Database growth since 1996

For the past 10 years, I've blogged about the annual Nucleic Acids Research (NAR) database issue. One of the challenges in teaching data science is having models and data to access. Bio databases are a rich source of both.

Last year I commented: “I typically I cover the issue in January, but I got busy, and then a pandemic broke out, so this year I'm later than usual.” The pandemic continues and I’m even later in getting this year’s summary written. At that time I wrote about how databases were responding to the pandemic. SARS-CoV-2 remains relevant, so I’ll continue the theme. But, first the numbers.

The opening overview by DJ Rigden and XM Fernández indicates that 90 new databases were added to the NAR compendium and 86 databases were removed in 2020. According to the editorial, the archive now lists 1641 databases. The small database growth is due to the trend that the number of new databases being submitted to the archive has leveled out, while a similar number are being deprecated.

As one might imagine database work related to SARS-CoV-2 (and coronaviruses) is active. The accompanying table (below image) lists 25 coronavirus-related databases. Each entry includes its name and link, a brief description, area of focus (immunology, genomics, RNA, proteins, drugs, literature), and whether it is listed in the NAR compendium. Six of the resources are not listed in NAR, and of the 19 that are listed in NAR, five are new.

CoV-AbDab

Databases are cool, and the best way learn about a resource is to explore it with a specific goal in mind. In between last year’s and this year’s writing, Digital World Biology was awarded an NSF-ATE (National Science Foundation, Advanced Technological Education) grant  to use hackathons as a way to develop education resources for undergraduate research in antibody engineering. Apropos to our grant, COVID-19, and structural biology education resources, the Digital World Biology team is interested in collecting molecular structures of antibodies that are bound to the RBD epitope of the SARS-CoV-2 spike protein (spike:RBD), as a way to teach and explore how anibodies bind antitiges via paratope (antiboty) / epitope (antigen) interactions. As CoV-AbDab (The Coronavirus Antibody Database), is a database related to antibodies that bind to Coronavirus proteins, and part of a collection of antibody structure databases, it is a resource worth exploring. 

Click to view the full table

Brief Background

CoV-AbDaB is supported by the Oxford Protein Informatics Group (OPIG), and is a member of a collection of antibody structural databases that includes SAbDab (The Structural Antibody Database), Thera-SAbDab (The Therapeutic Structural Antibody Database), and SAbDab-nano (a subset of SAbDab consisting of nanobody structures). The SAb databases collect antibody structure files from the PDB (RSCB Protein Databank) and curate these data by adding annotations about experimental details, antibody nomenclature (heavy and light chain pairings), affinity data, sequence annotations, and literature references. Other OPIG resources include SAbPred (The Antibody Prediction Toolbox; a collection of algorithms for predicting antibody properties), STCRDab (the Structural T-Cell Receptor Database), and OAS (Observed Antibody Space). OAS is a project seeking to collect and annotate immune repertoires.*

Antibody:spike:RBD Structures

As noted by its name, CoV-AbDab focuses on antibodies and nanobodies that bind to coronavirus (SARS-CoV-1, SARS-CoV-2, MERS, and others) proteins. The November 2021 database release holds 4,706 entries,** and its web-enabled search interface can be used to isolate subsets of the data using different combinations of 13 filters. In this way, one can learn that there are 1531 records of antibodies (Type = Antibody) that bind to SARS-CoV-2 (Binds to =  SARS-CoV2) that are noted as neutralizing (Neutralising against = SARS-CoV2) and bind to the spike:RBD (Protein/Epitope = Spike Protein:RBD).
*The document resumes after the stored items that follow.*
(* Let $d\ge2$, $\Lambda>1$, $a\in C^1(\mathbb{T}^d;[1,\Lambda])$ and $F\in\mathbb{R}$. Let $E^*,E_*\subset\mathbb{R}^d$ be open sets such that $\overline{E_*}\subset E^*$ and $\overline{\mathbb{R}^d\setminus\overline{E^*}}=\mathbb{R}^d\setminus E^*$. Define $\overline v=\mathbf{1}_{E^*}$ (lower semicontinuous) and $\underline v=\mathbf{1}_{\overline{E_*}}$ (upper semicontinuous). If $\overline v$ is a viscosity supersolution and $\underline v$ a viscosity subsolution of $$-a(x)\,\mathrm{tr}\big((\mathrm{Id}-\widehat{Du}\otimes\widehat{Du})D^2u\big)-Da(x)\cdot Du-F\|Du\|=0\quad\text{in }\mathbb{R}^d,$$ then there is an open set $E\subset\mathbb{R}^d$ with $E_*\subset E\subset E^*$ such that $\mathbf{1}_E$ is a discontinuous viscosity solution of this equation.
   Context: $\widehat p=p/|p|$; $a$ is $\mathbb{Z}^d$-periodic. Viscosity sub/supersolutions of this geometric equation are defined in the standard way using the semicontinuous envelopes of the operator at $Du=0$. A discontinuous viscosity solution is a function whose upper semicontinuous envelope is a subsolution and whose lower semicontinuous envelope is a supersolution. *)

theory Defs
  imports "HOL-Analysis.Analysis"
begin

text \<open>Space R^d is represented by real^'n (d = CARD('n)); symmetric-matrix arguments
  of the operator by real^'n^'n; the gradient hat p = p/|p| is sgn p.\<close>

definition geomG :: "(real^'n \<Rightarrow> real) \<Rightarrow> (real^'n \<Rightarrow> real^'n) \<Rightarrow> real
    \<Rightarrow> real^'n \<Rightarrow> real^'n \<Rightarrow> real^'n^'n \<Rightarrow> real" where
  "geomG a Da F x p X =
     - a x * (trace X - sgn p \<bullet> (X *v sgn p)) - Da x \<bullet> p - F * norm p"

text \<open>Lower and upper semicontinuous envelopes of the operator (relevant at p = 0).\<close>
definition geomG_lower :: "(real^'n \<Rightarrow> real) \<Rightarrow> (real^'n \<Rightarrow> real^'n) \<Rightarrow> real
    \<Rightarrow> real^'n \<Rightarrow> real^'n \<Rightarrow> real^'n^'n \<Rightarrow> ereal" where
  "geomG_lower a Da F x p X =
     Liminf (at (x, p, X) within {(y, q, Y). q \<noteq> 0}) (\<lambda>(y, q, Y). ereal (geomG a Da F y q Y))"
lemma real_le_divide_if_mult_le:
  fixes a b d :: nat
  assumes "a * (2 * d + 1) \<le> b"
  shows "real a \<le> real b / (2 * real d + 1)"
proof -
  have "real (a * (2 * d + 1)) \<le> real b"
    using assms by (rule of_nat_mono)
  then have "real a * (2 * real d + 1) \<le> real b"
    by (simp only: of_nat_mult of_nat_add of_nat_1 of_nat_numeral)
  moreover have "(0::real) < 2 * real d + 1"
    by simp
  ultimately show ?thesis
    by (simp only: pos_le_divide_eq)
qed

theorem mainTheorem13:
  fixes P :: "'a::order set" and d m :: nat
  assumes "d > 0" and "m > 0"
    and "finite P"
    and "card P > m"
    and "\<forall>S. S \<subseteq> P \<and> card S > m \<longrightarrow> comp S \<ge> card S * d"
  shows "\<exists>f. (\<forall>T \<in> subsets_le P (real (card P) / (2 * real d + 1)). f T \<in> subsets_le P (real m))
          \<and> (\<forall>I. I \<subseteq> P \<and> antichain I \<longrightarrow>
               (\<exists>T. T \<subseteq> I \<and> real (card T) \<le> real (card P) / (2 * real d + 1)
                    \<and> T \<inter> f T = {} \<and> I \<subseteq> T \<union> f T))"
proof -
  let ?f = "\<lambda>T. snd (fingerprint_container m T P)"
  have "?f T \<in> subsets_le P (real m)" for T
    using container_subset_card_le[of m T P] by (simp add: subsets_le_def)
  moreover have "\<exists>T. T \<subseteq> I \<and> real (card T) \<le> real (card P) / (2 * real d + 1)
                    \<and> T \<inter> ?f T = {} \<and> I \<subseteq> T \<union> ?f T"
    if "I \<subseteq> P" "antichain I" for I
  proof (intro exI conjI)
    let ?T = "fst (fingerprint_container m I P)"
    have container: "?f ?T = snd (fingerprint_container m I P)"
      using container_eq_if_fingerprint[of ?T P m I] fingerprint_subset[of m I P] by blast
    show "?T \<subseteq> I"
      using fingerprint_subset by blast
    have "card ?T * (2 * d + 1) \<le> card P"
      using card_fingerprint_mult_le[of P m d I] assms(5) by auto
    then show "real (card ?T) \<le> real (card P) / (2 * real d + 1)"
      by (rule real_le_divide_if_mult_le)
    show "?T \<inter> ?f ?T = {}"
      using fingerprint_container_disjoint container by simp
    show "I \<subseteq> ?T \<union> ?f ?T"
      using antichain_subset_fingerprint_container[OF that(2), of P m] that(1) container by auto
  qed
  ultimately show ?thesis
    by (intro exI[of _ ?f]) blast
qed
lemma rank_transfer:
  assumes bij: "bij_betw \<phi> S T"
    and fst_\<phi>: "\<And>p. p \<in> S \<Longrightarrow> fst (\<phi> p) = fst p"
    and order: "\<And>p q. p \<in> S \<Longrightarrow> q \<in> S \<Longrightarrow> concurrent a (fst p) (fst q) \<Longrightarrow>
                 snd q < snd p \<longleftrightarrow> snd (\<phi> q) < snd (\<phi> p)"
    and "p \<in> S"
  shows "rank a T (\<phi> p) = rank a S p"
  using \<open>p \<in> S\<close>
proof (induction "snd p" arbitrary: p rule: less_induct)
  case less
  have "below a T (\<phi> p) = \<phi> ` below a S p"
  proof
    show "below a T (\<phi> p) \<subseteq> \<phi> ` below a S p"
    proof
      fix q' assume q': "q' \<in> below a T (\<phi> p)"
      then obtain q where q: "q \<in> S" "q' = \<phi> q"
        using bij by (auto simp: below_def bij_betw_def)
      then show "q' \<in> \<phi> ` below a S p"
        using q' order[OF less.prems q(1)] fst_\<phi>[OF q(1)] fst_\<phi>[OF less.prems]
        by (auto simp: below_def)
    qed
    show "\<phi> ` below a S p \<subseteq> below a T (\<phi> p)"
      using order[OF less.prems] fst_\<phi> less.prems bij by (auto simp: below_def bij_betw_def)
  qed
  moreover have "rank a T ` \<phi> ` below a S p = rank a S ` below a S p"
    unfolding image_image using less.hyps by (auto simp: below_def intro!: image_cong)
  ultimately show ?case
    by (subst (1 2) rank.simps) auto
qed

lemma separated_rank_less_iff:
  assumes "finite S" "separated a S" "p \<in> S" "q \<in> S" "concurrent a (fst p) (fst q)"
  shows "rank a S q < rank a S p \<longleftrightarrow> snd q < snd p"
proof
  assume "snd q < snd p"
  then show "rank a S q < rank a S p"
    using assms by (intro rank_less) (auto simp: below_def concurrent_sym)
next
  assume r: "rank a S q < rank a S p"
  show "snd q < snd p"
  proof (rule ccontr)
    assume "\<not> snd q < snd p"
    moreover have "p \<noteq> q"
      using r by auto
    ultimately have "snd p < snd q"
      using assms unfolding separated_def by (metis nat_neq_iff)
    then have "rank a S p < rank a S q"
      using assms by (intro rank_less) (auto simp: below_def concurrent_sym)
    then show False
      using r by simp
  qed
qed

definition settle_piece :: "nat \<Rightarrow> (int \<times> nat) set \<Rightarrow> int \<times> nat \<Rightarrow> int \<times> nat" where
  "settle_piece a S p = (fst p, rank a S p)"
theorem theorem6:
  fixes C :: "nat \<Rightarrow> (nat \<times> nat) set" and S :: "(nat \<times> nat) set"
    and B :: "nat \<Rightarrow> nat \<Rightarrow> complex vec" and \<psi> :: "complex vec"
  assumes classes: "\<forall>i\<in>{1,2,3::nat}. max_commuting_class (C i)"
    and disjoint: "\<forall>i\<in>{1,2,3::nat}. \<forall>j\<in>{1,2,3::nat}. i \<noteq> j \<longrightarrow> C i \<inter> C j = {}"
    and S_class: "max_commuting_class S"
    and S_one_each: "\<forall>i\<in>{1,2,3::nat}. card (S \<inter> C i) = 1"
    and bases: "\<forall>i\<in>{1,2,3::nat}. common_eigenbasis (C i) (B i)"
    and psi_unit: "unit_vec4 \<psi>"
    and psi_eig: "\<forall>p\<in>S. eigenvector_of (pauli2 p) \<psi>"
  shows "(1/3) * (\<Sum>i\<in>{1,2,3::nat}. collision_entropy (B i) \<psi>) = 1"
proof -
  have "\<forall>i\<in>{1,2,3::nat}. collision_entropy (B i) \<psi> = 1"
    using common_eigenbasis_collision_entropy classes S_class S_one_each bases psi_unit psi_eig by blast
  then show ?thesis by simp
qed

end
section \<open>The split covariance set\<close>

lemma quad_form_block_mat:
  fixes A M N D :: "real^'n^'n"
  shows "quad_form (block_mat A M N D) w =
     quad_form A (\<chi> i. w $ Inl i) + (\<chi> i. w $ Inl i) \<bullet> (M *v (\<chi> i. w $ Inr i))
     + (\<chi> i. w $ Inr i) \<bullet> (N *v (\<chi> i. w $ Inl i)) + quad_form D (\<chi> i. w $ Inr i)"
proof -
  have sum_Plus: "(\<Sum>k\<in>UNIV. f k) = (\<Sum>i\<in>UNIV. f (Inl i)) + (\<Sum>i\<in>UNIV. f (Inr i))"
    for f :: "'n + 'n \<Rightarrow> real"
    using sum.Plus[of "UNIV::'n set" "UNIV::'n set" f] by (simp add: comp_def)
  show ?thesis
    unfolding quad_form_def inner_vec_def matrix_vector_mult_def block_mat_def
    by (simp add: sum_Plus sum_distrib_left sum.distrib distrib_left)
qed

lemma sym_mat_block_mat:
  "sym_mat A \<Longrightarrow> sym_mat D \<Longrightarrow> sym_mat (block_mat A M (transpose M) D)"
  unfolding sym_mat_def block_mat_def transpose_def
  by (simp add: vec_eq_iff split: sum.splits)

lemma A_split_iff:
  fixes PA PB M :: "real^'n^'n"
  assumes "sym_mat PA" "sym_mat PB"
  shows "M \<in> A_split PA PB \<longleftrightarrow>
    (\<forall>p q. 0 \<le> quad_form PA p + 2 * (p \<bullet> (M *v q)) + quad_form PB q)"
    (is "_ \<longleftrightarrow> (\<forall>p q. ?nonneg p q)")
proof -
  have "M \<in> A_split PA PB \<longleftrightarrow> (\<forall>w. ?nonneg (\<chi> i. w $ Inl i) (\<chi> i. w $ Inr i))"
    unfolding A_split_def psd_iff_quad_form quad_form_block_mat
    using assms by (simp add: sym_mat_block_mat inner_matrix_vector_transpose inner_commute add_ac)
  also have "\<dots> \<longleftrightarrow> (\<forall>p q. ?nonneg p q)"
  proof (intro iffI allI)
    fix p q :: "real^'n"
    assume "\<forall>w. ?nonneg (\<chi> i. w $ Inl i) (\<chi> i. w $ Inr i)"
    from this[rule_format, of "\<chi> k. case k of Inl i \<Rightarrow> p $ i | Inr i \<Rightarrow> q $ i"]
    show "?nonneg p q" by simp
  qed simp
  finally show ?thesis .
qed

definition outer_prod :: "real^'n \<Rightarrow> real^'n \<Rightarrow> real^'n^'n" where
  "outer_prod a b = (\<chi> i j. a $ i * b $ j)"

lemma inner_outer_prod_mult: "x \<bullet> (outer_prod a b *v y) = (x \<bullet> a) * (b \<bullet> y)"
proof -
  have "outer_prod a b *v y = (b \<bullet> y) *\<^sub>R a"
    by (simp add: outer_prod_def vec_eq_iff matrix_vector_mult_def inner_vec_def sum_distrib_left
        mult_ac)
  then show ?thesis by simp
qed
(* Let $d\ge 1$ and let $(K_1,g_1)$ and $(K_2,g_2)$ be weighted simplicial complexes in $\mathbb{R}^d$. If $\mathrm{WECT}_{K_1,g_1}(v,r)=\mathrm{WECT}_{K_2,g_2}(v,r)$ for all $(v,r)\in S^{d-1}\times\mathbb{R}$, then $(K_1,g_1)=(K_2,g_2)$ in the sense that the associated functions agree: $\hat g_1(x)=\hat g_2(x)$ for all $x\in\mathbb{R}^d$ (in particular the underlying point sets $|K_1|$ and $|K_2|$ coincide).
   Context: A weighted simplicial complex in $\mathbb{R}^d$ is a pair $(K,g)$ where $K$ is a finite simplicial complex embedded in $\mathbb{R}^d$ (a finite set of geometric simplices in $\mathbb{R}^d$, closed under taking faces, any two of which intersect in a common face or not at all) and $g:K\to\mathbb{N}=\{1,2,3,\dots\}$ is an arbitrary function. $K^{\ell}$ denotes the set of $\ell$-dimensional simplices of $K$. For a subcomplex $L\subseteq K$, the weighted Euler characteristic is $\chi^w(L,g)=\sum_{\ell\ge 0}(-1)^{\ell}\sum_{\sigma\in L^{\ell}}g(\sigma)$ (equal to $0$ for $L=\emptyset$). For a direction $v\in S^{d-1}$, define $p_v:K\to\mathbb{R}$ by $p_v(\sigma)=v\cdot\sigma$ for vertices $\sigma\in K^0$ and, inductively, $p_v(\sigma)=\max\{p_v(\tau)\mid \tau \text{ a proper face of }\sigma\}$ for higher-dimensional simplices (equivalently, the maximum of $v\cdot w$ over the vertices $w$ of $\sigma$); each sublevel set $p_v^{-1}((-\infty,r])$ is a subcomplex of $K$. The Weighted Euler Characteristic Transform of $(K,g)$ is the function $\mathrm{WECT}_{K,g}:S^{d-1}\times\mathbb{R}\to\mathbb{Z}$, $$\mathrm{WECT}_{K,g}(v,r)=\chi^w\big(p_v^{-1}((-\infty,r]),\,g|_{p_v^{-1}((-\infty,r])}\big).$$ The function associated to $(K,g)$ is $\hat g:\mathbb{R}^d\to\mathbb{Z}_{\ge 0}$ defined by $\hat g(x)=g(\sigma)$ if $x$ lies in the relative interior of the (unique) simplex $\sigma\in K$ whose relative interior contains $x$, and $\hat g(x)=0$ if $x\notin |K|=\bigcup_{\sigma\in K}\sigma$. *)

theory Defs
  imports "HOL-Analysis.Analysis"
begin

text \<open>A geometric simplex is represented by its (finite, nonempty, affinely
independent) vertex set; the geometric simplex itself is its convex hull.
Its dimension is the number of vertices minus one.\<close>

definition is_simplex :: "'a::euclidean_space set \<Rightarrow> bool" where
  "is_simplex S \<longleftrightarrow> finite S \<and> S \<noteq> {} \<and> \<not> affine_dependent S"

definition simplex_dim :: "'a set \<Rightarrow> nat" where
  "simplex_dim S = card S - 1"

definition simplicial_complex :: "'a::euclidean_space set set \<Rightarrow> bool" where
  "simplicial_complex K \<longleftrightarrow>
     finite K \<and>
     (\<forall>S\<in>K. is_simplex S) \<and>
     (\<forall>S\<in>K. \<forall>T. T \<subseteq> S \<and> T \<noteq> {} \<longrightarrow> T \<in> K) \<and>
     (\<forall>S\<in>K. \<forall>T\<in>K. convex hull S \<inter> convex hull T = convex hull (S \<inter> T))"

definition weighted_complex :: "'a::euclidean_space set set \<Rightarrow> ('a set \<Rightarrow> nat) \<Rightarrow> bool" where
  "weighted_complex K g \<longleftrightarrow> simplicial_complex K \<and> (\<forall>S\<in>K. g S \<ge> 1)"

definition height :: "'a::euclidean_space \<Rightarrow> 'a set \<Rightarrow> real" where
  "height v S = Max ((\<lambda>w. v \<bullet> w) ` S)"

definition sublevel :: "'a::euclidean_space set set \<Rightarrow> 'a \<Rightarrow> real \<Rightarrow> 'a set set" where
  "sublevel K v r = {S \<in> K. height v S \<le> r}"

definition weighted_euler_char :: "'a set set \<Rightarrow> ('a set \<Rightarrow> nat) \<Rightarrow> int" where
  "weighted_euler_char L g = (\<Sum>S\<in>L. (-1) ^ simplex_dim S * int (g S))"

definition WECT :: "'a::euclidean_space set set \<Rightarrow> ('a set \<Rightarrow> nat) \<Rightarrow> 'a \<Rightarrow> real \<Rightarrow> int" where
  "WECT K g v r = weighted_euler_char (sublevel K v r) g"

definition underlying_space :: "'a::euclidean_space set set \<Rightarrow> 'a set" where
  "underlying_space K = (\<Union>S\<in>K. convex hull S)"

definition assoc_fun :: "'a::euclidean_space set set \<Rightarrow> ('a set \<Rightarrow> nat) \<Rightarrow> 'a \<Rightarrow> nat" where
  "assoc_fun K g x =
     (if \<exists>S\<in>K. x \<in> rel_interior (convex hull S)
      then g (THE S. S \<in> K \<and> x \<in> rel_interior (convex hull S))
      else 0)"

end

theory Submission
  imports Defs
begin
Data Science in a Spreadsheet

We can download a table (CSV [comma, separated, values], or Excel) for the above list and do additional analyses to learn more. For example, the “Origin” column tells us something about the sample from which the antibody was derived, and the “Neutralising Vs” column tells us what virus(es) the antibody binds to and if its binding is weak. Using these data, we learn that most (83%) of the antibodies in the dataset are from human patient B-Cells. They bind well and are specific for SARS-CoV-2. 17% of the antibodies bind weakly, and a very small fraction cross react with SARS-CoV-1. A few antibodies, all weak binders, came from healthy subjects, perhaps from other coronavirus infections. The dataset also includes antibodies from mice, phage display, and engineering experiments.

1531 neutralizing antibodies is a lot of antibodies; how many have solved structures? 163 records have one or more structures that were obtained from the PDB. Another 1169 records have a structure that is predicted from homology modeling. The majority of the records with a PDB structure (116) have a single structure, as indicated by a single PDB ID or SabDab link. 44 records contain between two and six PDB structures, and three records have seven, eight and 11 PDB structures. All together there are 265 PDB structures of antibodies that might bind to a spike:RBD epitope. 

Origins of antibodies identified as neutralizing SARS-CoV-2 (data from the Sep 2021 CoV-AbDab release)


Getting information that I described, and show in the above graph, used pivot analyses to count the occurrences of specific values in different columns. At first, I found that some of the data were too granular. That is, the “Origin” column data included details about mouse strains, phage display experiments, and other information that made the graph messy and distracted for this story. Thus, data were converted to less granular descriptions such as “Mouse” or “Phage display." For counting structures, I could see some of the records have multiple PDB IDs. To count the number I had to create a new column and add a counting formula (number of “;” [the PDB ID separator] +1). I’m not going to get into all of the details, but rather emphasize that this kind of work is the core of data science, shaping, cleaning, and asking questions.

The Structures

The above data are interesting, but the big question is how many of the 265 structures are actually models of antibody/spike:RBD complexes. In that respect, the resource could be better. For example, to identify which of the 265 structures are what I want, I have look at each structure individually. CoV-AbDab’s web interface provides links to resources with structure viewers to simplify the process, but 265 clicks, followed by viewing each structure requires a lot of work. To test how this could work, I randomly clicked on a few of the PDB links and learned some of the PDB links are broken, and other structures were of just an antibody, which confirmed my suspicion that structures of antibody/spike:RBD complexes is a subset of the 265, minus dead links, available structures. Spotting antibody only structures, likely deposited as part of the research study exploring neutralizing antibodies, requires some experience too. Finally, remembering which structures were inspected and what was learned needs to be noted in someway outside of the interface. Curation is hard.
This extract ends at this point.